By this description, the fipple is a plug that nearly closes one end of the pipe, open only for the duct that "straightens” the channel of air blown axially into the instrument. The solid "stop" near the mouth hole or embouchure on a pipe that is blown transversely is analogous to it. This provides historical justification for using the term "fipple flute" to designate a recorder (cf. the German term Blockflöte). Subsequent authors have used the term in that sense but differ in the element of the mechanical aggregate illustrated above that they regard specifically as the fipple. That word is used variously to designate the block, the edge, the full block-duct-edge structure, and the entire instrument. This ambiguity is detailed in the article headed Fipple in Grove Music Online, which concludes, "Since nobody can agree what the term means, to avoid further confusion its use should be abandoned." In the text below, what might otherwise be termed a fipple flute is referred to as a duct flute.

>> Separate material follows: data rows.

(* Let $R$ be a $*$-ring with unity, $a,b\in R$ with $a\lesssim b$, and $h$ a central projection of $R$. Then $ha\lesssim hb$.
   Context: Natural partial order: $a\leq b$ iff there is $x\in R$ with $a=xa=xb=ax^*=bx^*$. Equivalence: $a\sim b$ iff there exist $x,y\in R$ with $aa^*=xx^*$, $bb^*=yy^*$, $a^*a=y^*y$, $b^*b=x^*x$, $x=ax=xb$ and $y=by=ya$. Dominance: $a\lesssim b$ iff $a\sim c$ and $c\leq b$ for some $c\in R$. A projection is $e=e^2=e^*$; central means commuting with all elements. *)

theory Defs
  imports Main
begin

class star_ring = ring_1 +
  fixes star :: "'a \<Rightarrow> 'a"
  assumes star_add: "star (x + y) = star x + star y"
    and star_mult: "star (x * y) = star y * star x"
    and star_star: "star (star x) = x"

context star_ring
begin

definition npo_le :: "'a \<Rightarrow> 'a \<Rightarrow> bool" where
  "npo_le a b \<longleftrightarrow> (\<exists>x. a = x * a \<and> a = x * b \<and> a = a * star x \<and> a = b * star x)"

definition star_equiv :: "'a \<Rightarrow> 'a \<Rightarrow> bool" where
  "star_equiv a b \<longleftrightarrow> (\<exists>x y. a * star a = x * star x \<and> b * star b = y * star y \<and>
      star a * a = star y * y \<and> star b * b = star x * x \<and>
      x = a * x \<and> x = x * b \<and> y = b * y \<and> y = y * a)"

definition dominated :: "'a \<Rightarrow> 'a \<Rightarrow> bool" where
  "dominated a b \<longleftrightarrow> (\<exists>c. star_equiv a c \<and> npo_le c b)"

definition projection :: "'a \<Rightarrow> bool" where
  "projection e \<longleftrightarrow> e * e = e \<and> star e = e"

definition central :: "'a \<Rightarrow> bool" where
  "central h \<longleftrightarrow> (\<forall>z. h * z = z * h)"

end

end

theory Submission
  imports Defs
begin

(* Since h is a central projection, u \<mapsto> h * u is multiplicative and commutes with star, so
   multiplying the witnesses x, y of the equivalence by h gives witnesses for h * a and h * c;
   the witness z of c \<le> b works unchanged for h * c \<le> h * b. *)

context star_ring
begin

lemma star_mult_central_projection:
  assumes "projection h" and "central h"
  shows "star (h * u) = h * star u"
proof -
  have "star (h * u) = star u * h"
    using \<open>projection h\<close> by (simp add: projection_def star_mult)
  also have "\<dots> = h * star u"
    using \<open>central h\<close> by (simp add: central_def)
  finally show ?thesis .
qed

lemma central_projection_mult_mult:
  assumes "projection h" and "central h"
  shows "h * u * (h * v) = h * (u * v)"
proof -
  have "h * u * (h * v) = (h * h) * (u * v)"
    using \<open>central h\<close> unfolding central_def by (metis mult.assoc)
  then show ?thesis
    using \<open>projection h\<close> by (simp add: projection_def)
qed

lemma star_equiv_mult_central_projection:
  assumes "star_equiv a c" and "projection h" and "central h"
  shows "star_equiv (h * a) (h * c)"
proof -
  obtain x y where xy:
    "a * star a = x * star x" "c * star c = y * star y"
    "star a * a = star y * y" "star c * c = star x * x"
    "x = a * x" "x = x * c" "y = c * y" "y = y * a"
    using \<open>star_equiv a c\<close> unfolding star_equiv_def by blast
  note hstar = star_mult_central_projection[OF assms(2,3)]
    and hmult = central_projection_mult_mult[OF assms(2,3)]
  have "h * a * star (h * a) = h * x * star (h * x)"
    "h * c * star (h * c) = h * y * star (h * y)"
    "star (h * a) * (h * a) = star (h * y) * (h * y)"
    "star (h * c) * (h * c) = star (h * x) * (h * x)"
    by (simp_all only: hstar hmult xy(1-4))
  moreover have "h * x = h * a * (h * x)" "h * x = h * x * (h * c)"
    "h * y = h * c * (h * y)" "h * y = h * y * (h * a)"
    by (simp_all only: hmult flip: xy(5-8))
  ultimately show ?thesis
    unfolding star_equiv_def by blast
qed

lemma npo_le_mult_central:
  assumes "npo_le c b" and "central h"
  shows "npo_le (h * c) (h * b)"
proof -
  obtain z where z: "c = z * c" "c = z * b" "c = c * star z" "c = b * star z"
    using \<open>npo_le c b\<close> unfolding npo_le_def by blast
  have comm: "h * (z * u) = z * (h * u)" for u
    using \<open>central h\<close> unfolding central_def by (metis mult.assoc)
  have "h * c = z * (h * c)" "h * c = z * (h * b)"
    by (metis z(1) comm, metis z(2) comm)
  moreover have "h * c = h * c * star z" "h * c = h * b * star z"
    by (metis z(3) mult.assoc, metis z(4) mult.assoc)
  ultimately show ?thesis
    unfolding npo_le_def by blast
qed

end

theorem mainTheorem10:
  fixes a b h :: "'a :: star_ring"
  assumes "dominated a b"
    and "projection h" and "central h"
  shows "dominated (h * a) (h * b)"
proof -
  obtain c where "star_equiv a c" and "npo_le c b"
    using \<open>dominated a b\<close> unfolding dominated_def by blast
  have "star_equiv (h * a) (h * c)"
    using star_equiv_mult_central_projection[OF \<open>star_equiv a c\<close> assms(2,3)] .
  moreover have "npo_le (h * c) (h * b)"
    using npo_le_mult_central[OF \<open>npo_le c b\<close> assms(3)] .
  ultimately show ?thesis
    unfolding dominated_def by blast
qed

end
lemma num_kind_sum: "num_kind n kind Rejector + num_kind n kind Consentor + num_kind n kind Follower = n"
proof -
  have "{..<n} = {i. i < n \<and> kind i = Rejector}
      \<union> ({i. i < n \<and> kind i = Consentor} \<union> {i. i < n \<and> kind i = Follower})"
  proof (rule set_eqI)
    fix i show "i \<in> {..<n} \<longleftrightarrow> i \<in> {i. i < n \<and> kind i = Rejector}
      \<union> ({i. i < n \<and> kind i = Consentor} \<union> {i. i < n \<and> kind i = Follower})"
      by (cases "kind i") auto
  qed
  then have "n = card ({i. i < n \<and> kind i = Rejector}
      \<union> ({i. i < n \<and> kind i = Consentor} \<union> {i. i < n \<and> kind i = Follower}))"
    by (metis card_lessThan)
  also have "\<dots> = num_kind n kind Rejector + (num_kind n kind Consentor + num_kind n kind Follower)"
    unfolding num_kind_def by (subst card_Un_disjoint; auto)+
  finally show ?thesis by simp
qed

lemma ones_init_op:
  "ones n (init_op kind b)
     = num_kind n kind Consentor + card {i \<in> {i. i < n \<and> kind i = Follower}. b i}"
proof -
  have "{i. i < n \<and> init_op kind b i}
      = {i. i < n \<and> kind i = Consentor} \<union> {i \<in> {i. i < n \<and> kind i = Follower}. b i}"
  proof (rule set_eqI)
    fix i show "i \<in> {i. i < n \<and> init_op kind b i}
        \<longleftrightarrow> i \<in> {i. i < n \<and> kind i = Consentor} \<union> {i \<in> {i. i < n \<and> kind i = Follower}. b i}"
      by (cases "kind i") (auto simp: init_op_def)
  qed
  then have "ones n (init_op kind b)
      = card ({i. i < n \<and> kind i = Consentor} \<union> {i \<in> {i. i < n \<and> kind i = Follower}. b i})"
    unfolding ones_def by simp
  also have "\<dots> = num_kind n kind Consentor + card {i \<in> {i. i < n \<and> kind i = Follower}. b i}"
    unfolding num_kind_def by (rule card_Un_disjoint) auto
  finally show ?thesis .
qed
(* Let $T_M>0$ and $c>0$. Let $f\in C^2(\mathbb R_+)\cap C_b(\mathbb R_+)$ be a solution of $$f''(y)-cf'(y)-f^4(y)=-\int_0^\infty E(y-\eta)f^4(\eta)\,d\eta\ (y>0),\qquad f(0)=T_M,\qquad f\ge 0,$$ with $|f|\le T_M$. Then $f(y)<T_M$ for all $y>0$ and $\partial_yf(0^+)<0$.
   Context: $E(x)=\frac12\int_{|x|}^\infty\frac{e^{-t}}{t}dt$; $\mathbb R_+=[0,\infty)$; $C_b$ denotes bounded continuous functions. *)

theory Defs
  imports "HOL-Analysis.Analysis"
begin

text \<open>Exponential-integral kernel E(x) = 1/2 * int_{|x|}^infty e^{-t}/t dt
  (at x = 0 the integral diverges; the value there is irrelevant, a null set).\<close>
definition E :: "real \<Rightarrow> real" where
  "E x = (1/2) * integral {\<bar>x\<bar>..} (\<lambda>t. exp (- t) / t)"

end

theory Submission
  imports Defs "HOL-Real_Asymp.Real_Asymp"
begin

(* The kernel has mass 1 on the line but only 1 - E_2(y)/2 on the half-line as seen from y, where
   E_2 is the exponential integral of order 2: this mass is < 1 for y > 0 and tends to 1/2 as
   y -> 0+. Hence 0 <= f <= T_M gives f'' - c f' >= f^4 - T_M^4 (1 - E_2(y)/2). At an interior
   point with f = T_M we would have f' = 0 and f'' <= 0, whereas the right-hand side is
   T_M^4 E_2(y)/2 > 0. Near y = 0 the right-hand side tends to T_M^4/2 > 0; then f'(0) >= 0 would
   make e^(-cy) f' increasing, so f would rise above f(0) = T_M. *)

section \<open>Exponential integrals\<close>

(* E_n(s) = int_1^oo e^(-st)/t^n dt for n = 1, 2; the closed form of E_2 comes from integrating by
   parts. *)
definition E1 :: "real \<Rightarrow> real" where
  "E1 s = integral {s..} (\<lambda>t. exp (- t) / t)"

definition E2 :: "real \<Rightarrow> real" where
  "E2 s = exp (- s) - s * E1 s"

lemma E_eq_E1: "E x = E1 \<bar>x\<bar> / 2"
  by (simp add: E_def E1_def)

lemma E1_integrable:
  fixes s :: real
  assumes "s > 0"
  shows "(\<lambda>t. exp (- t) / t) integrable_on {s..}"
proof (rule measurable_bounded_by_integrable_imp_integrable)
  show L: "{s..} \<in> sets lebesgue"
    by (rule lebesgue_closedin[of UNIV]) auto
  have "continuous_on {s..} (\<lambda>t. exp (- t) / t)"
    using assms by (intro continuous_on_divide continuous_intros) auto
  then show "(\<lambda>t. exp (- t) / t) \<in> borel_measurable (lebesgue_on {s..})"
    by (intro continuous_imp_measurable_on_sets_lebesgue L)
  show "(\<lambda>t. exp (- 1 * t) / s) integrable_on {s..}"
    using integrable_on_divide[OF integrable_on_exp_minus_to_infinity[of 1 s], of s] by simp
  show "norm (exp (- t) / t) \<le> exp (- 1 * t) / s" if "t \<in> {s..}" for t
    using that assms by (auto simp: divide_simps)
qed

The recorder can be used to illustrate further nuance in the design of duct flutes. By definition, the duct is formed by a channel carved into the body of the instrument, and the block. This passage is alternately termed a windway and ends at an opening referred to as a window, bounded by the edge on the opposite side. This rigid structure affords intrinsically less dynamic and intonational flexibility than does, for example, a transverse flute embouchure. This can be offset by other structural details. In the case of the recorder, their presence or absence often differentiates between mass-produced and artisan-built instruments. In a broader context, the difference between one type of duct flute and another is determined both by gross and finer structural detail.
Possibly the oldest discovered fipple instrument is the Wicklow Pipes. Although the instrument as found was incomplete and incomplete, a replica set was playable when fitted with fipples.
L.E. McCullough notes that the oldest surviving whistles date from the 12th century, but that, "Players of the feadan are also mentioned in the description of the King of Ireland's court found in Early Irish law dating from the 7th and 8th centuries A.D."
The Tusculum whistle is a 14-cm whistle with six finger holes, made of brass or bronze, found with pottery dating to the 14th and 15th centuries; it is currently in the collections of the National Museums Scotland.
One of the earliest surviving recorders was discovered in a castle moat in Dordrecht, the Netherlands in 1940, and has been dated to the 14th century. It is largely intact, though not playable. A second more or less intact 14th century recorder was found in a latrine in northern Germany (in Göttingen): other 14th-century examples survive from Esslingen (Germany) and Tartu (Estonia). There is a fragment of a possible 14th-15th-century bone recorder in Rhodes (Greece); and there is an intact 15th-century example from Elblag (Poland).